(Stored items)

.....

lemma R2_remove_two_vertices:
  assumes "weights_on_arcs G" "proper_weights G"
    and "a \<in> verts G" "b \<in> verts G" "a \<noteq> b" "verts G - {a, b} \<noteq> {}"
  shows "verts G - {a} \<in> st G \<and> verts G - {a, b} \<in> st (Rred (verts G - {a}) G) \<and>
    R2 G (verts G - {a}) (verts G - {a, b}) = elim_vertex (elim_vertex G a) b"
proof -
  let ?G1 = "elim_vertex G a"
  have G1: "Rred (verts G - {a}) G = ?G1"
    using Rred_remove_vertex[OF assms(1)] .
  have verts_G1: "verts ?G1 - {b} = verts G - {a, b}"
    by (auto simp: elim_vertex_def)
  have "proper_ratfun (wt G a a)" "proper_ratfun (wt ?G1 b b)"
    using assms proper_weights_elim_vertex[OF assms(2,3)]
    unfolding proper_weights_def by (auto simp: elim_vertex_def)
  then have "wt G a a \<noteq> lam" "wt ?G1 b b \<noteq> lam"
    using lam_minus_proper_ratfun_nonzero by force+
  then have "verts G - {a} \<in> st G" "verts G - {a, b} \<in> st ?G1"
    using remove_vertex_in_st[of G a] remove_vertex_in_st[of ?G1 b] assms(6)
    unfolding verts_G1 by blast+
  moreover have "R2 G (verts G - {a}) (verts G - {a, b}) = elim_vertex ?G1 b"
    unfolding R2_def G1 verts_G1[symmetric]
    using Rred_remove_vertex[OF weights_on_arcs_elim_vertex[OF assms(1)]] .
  ultimately show ?thesis using G1 by simp
qed

theorem lemma4:
  fixes G :: "'v graph" and a b :: 'v
  assumes "wf_graph G" and "in_Gpi G"
    and "a \<in> verts G" and "b \<in> verts G" and "a \<noteq> b"
    and "card (verts G) > 2"
  shows "verts G - {a} \<in> st G \<and> verts G - {a, b} \<in> st (Rred (verts G - {a}) G) \<and>
         verts G - {b} \<in> st G \<and> verts G - {a, b} \<in> st (Rred (verts G - {b}) G) \<and>
         R2 G (verts G - {a}) (verts G - {a, b}) = R2 G (verts G - {b}) (verts G - {a, b})"
proof -
  have arcs: "weights_on_arcs G"
    using assms(1) unfolding wf_graph_def weights_on_arcs_def by blast
  have proper: "proper_weights G"
    using assms(2) proper_ratfun_if_pideg_nonpos unfolding in_Gpi_def proper_weights_def by blast
  have "verts G - {a, b} \<noteq> {}"
  proof
    assume "verts G - {a, b} = {}"
    then have "card (verts G) \<le> card {a, b}"
      by (intro card_mono) auto
    then show False using assms(6) by (simp add: card_insert_if split: if_splits)
  qed
  then show ?thesis
    using R2_remove_two_vertices[OF arcs proper assms(3-5)]
      R2_remove_two_vertices[OF arcs proper assms(4,3) assms(5)[symmetric]]
      elim_vertex_commute[OF proper assms(3,4)]
    by (simp add: insert_commute)
qed

end
lemma Hint_right_maps_kerH_left:
  assumes "\<phi> \<in> kerH d a b h a 0"
  shows "Hint d a b h 1 b \<phi> \<in> kerH d a b h a 0"
proof -
  have vanish: "hloc d a b h y \<phi> = 0" if "y \<in> {a..<0}" for y
    using assms that right_end by (simp add: kerH_iff[OF positive])
  have "hloc d a b h y (Hint d a b h 1 b \<phi>) = 0" if "y \<in> {a..<0}" for y
  proof -
    have "hloc d a b h y (Hint d a b h 1 b \<phi>) = (\<Sum>x\<in>{1..<b}. hloc d a b h y (hloc d a b h x \<phi>))"
      by (simp add: Hint_eq_sum linear_op_sum[OF hloc_linear_op])
    also have "\<dots> = (\<Sum>x\<in>{1..<b}. hloc d a b h x (hloc d a b h y \<phi>))"
      using that left_end by (intro sum.cong refl hloc_commute[symmetric]) auto
    also have "\<dots> = 0"
      by (simp add: vanish[OF that] linear_op_zero[OF hloc_linear_op])
    finally show ?thesis .
  qed
  then show ?thesis
    using right_end by (simp add: kerH_iff[OF positive] Hint_supported)
qed

lemma proj_left_preserves_kerH_right:
  assumes "\<phi> \<in> kerH d a b h 1 b"
  shows "orth_proj (confs d a b) (kerH d a b h a 0) \<phi> \<in> kerH d a b h 1 b"
proof -
  have "Hint d a b h 1 b (orth_proj (confs d a b) (kerH d a b h a 0) \<phi>)
      = orth_proj (confs d a b) (kerH d a b h a 0) (Hint d a b h 1 b \<phi>)"
    using left_end by (intro S1.proj_commute[symmetric] Hint_hermitian_on[OF positive]
        Hint_linear_op Hint_right_maps_kerH_left) auto
  also have "\<dots> = 0"
    using assms S1.proj_zero by (simp add: kerH_eq[of d a b h 1 b])
  finally show ?thesis
    unfolding kerH_eq[of d a b h 1 b] using S1.proj_supported by simp
qed

lemma K_in_kerH_left_right: "K f \<in> kerH d a b h a 0 \<inter> kerH d a b h 1 b"
  using K_in_S1 proj_left_preserves_kerH_right kerH_right_subset S2.proj_in
  unfolding K_def by blast

text \<open>Expanding the left factor in the basis \<open>P' e\<^sub>\<alpha>\<close>, where \<open>P'\<close> projects onto the
  ground states of \<open>[a, 0]\<close>, writes \<open>\<phi>\<close> as a sum of product vectors.\<close>
lemma kerH_left_tensor_expansion:
  assumes "\<phi> \<in> kerH d a b h a 0"
  shows "\<phi> = (\<Sum>\<alpha>\<in>confs d a 0.
    tens d a 0 b (orth_proj (confs d a 0) (kerH d a 0 h a 0) (basis_vec \<alpha>)) (right_slice d b \<phi> \<alpha>))"
    (is "\<phi> = (\<Sum>\<alpha>\<in>_. tens d a 0 b (?P (basis_vec \<alpha>)) _)")
proof
  interpret L: finite_subspace "confs d a 0" "kerH d a 0 h a 0"
    by (rule kerH_finite_subspace)
  fix \<sigma>
  show "\<phi> \<sigma> = (\<Sum>\<alpha>\<in>confs d a 0. tens d a 0 b (?P (basis_vec \<alpha>)) (right_slice d b \<phi> \<alpha>)) \<sigma>"
  proof (cases "\<sigma> \<in> confs d a b")
    case False
    then show ?thesis
      using assms by (simp add: sum_fun_apply Defs.tens_def kerH_eq supported_on_def)
  next
    case True
    define \<beta> \<rho> where "\<beta> = restr a 0 \<sigma>" and "\<rho> = restr 1 b \<sigma>"
    have \<beta>: "\<beta> \<in> confs d a 0" and \<rho>: "\<rho> \<in> confs d 1 b" and \<sigma>: "join \<beta> \<rho> = \<sigma>"
      using join_restr[OF True] unfolding \<beta>_def \<rho>_def by auto
    have slice: "left_slice d a \<phi> \<rho> \<in> kerH d a 0 h a 0"
      by (rule left_slice_in_kerH[OF \<rho> assms])
    have "\<phi> \<sigma> = left_slice d a \<phi> \<rho> \<beta>"
      using \<beta> \<sigma> by (simp add: left_slice_def)
    also have "\<dots> = ?P (left_slice d a \<phi> \<rho>) \<beta>"
      by (simp add: L.proj_id[OF slice])
    also have "\<dots> = (\<Sum>\<alpha>\<in>confs d a 0. left_slice d a \<phi> \<rho> \<alpha> * ?P (basis_vec \<alpha>) \<beta>)"
      by (subst L.proj_expansion) (simp add: sum_fun_apply)
    also have "\<dots> = (\<Sum>\<alpha>\<in>confs d a 0. tens d a 0 b (?P (basis_vec \<alpha>)) (right_slice d b \<phi> \<alpha>) \<sigma>)"
      using True \<rho> by (intro sum.cong refl)
        (simp add: Defs.tens_def left_slice_def right_slice_def \<beta>_def[symmetric] \<rho>_def[symmetric])
    finally show ?thesis by (simp add: sum_fun_apply)
  qed
qed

.....

▶ _Activity_
Pull out each line of the records holding the string "then".

▶ _Completed exercise_
  then have "wt G a a \<noteq> lam" "wt ?G1 b b \<noteq> lam"
  then have "verts G - {a} \<in> st G" "verts G - {a, b} \<in> st ?G1"
    then have "card (verts G) \<le> card {a, b}"
    then show False using assms(6) by (simp add: card_insert_if split: if_splits)
  then show ?thesis
  then show ?thesis
    then show ?thesis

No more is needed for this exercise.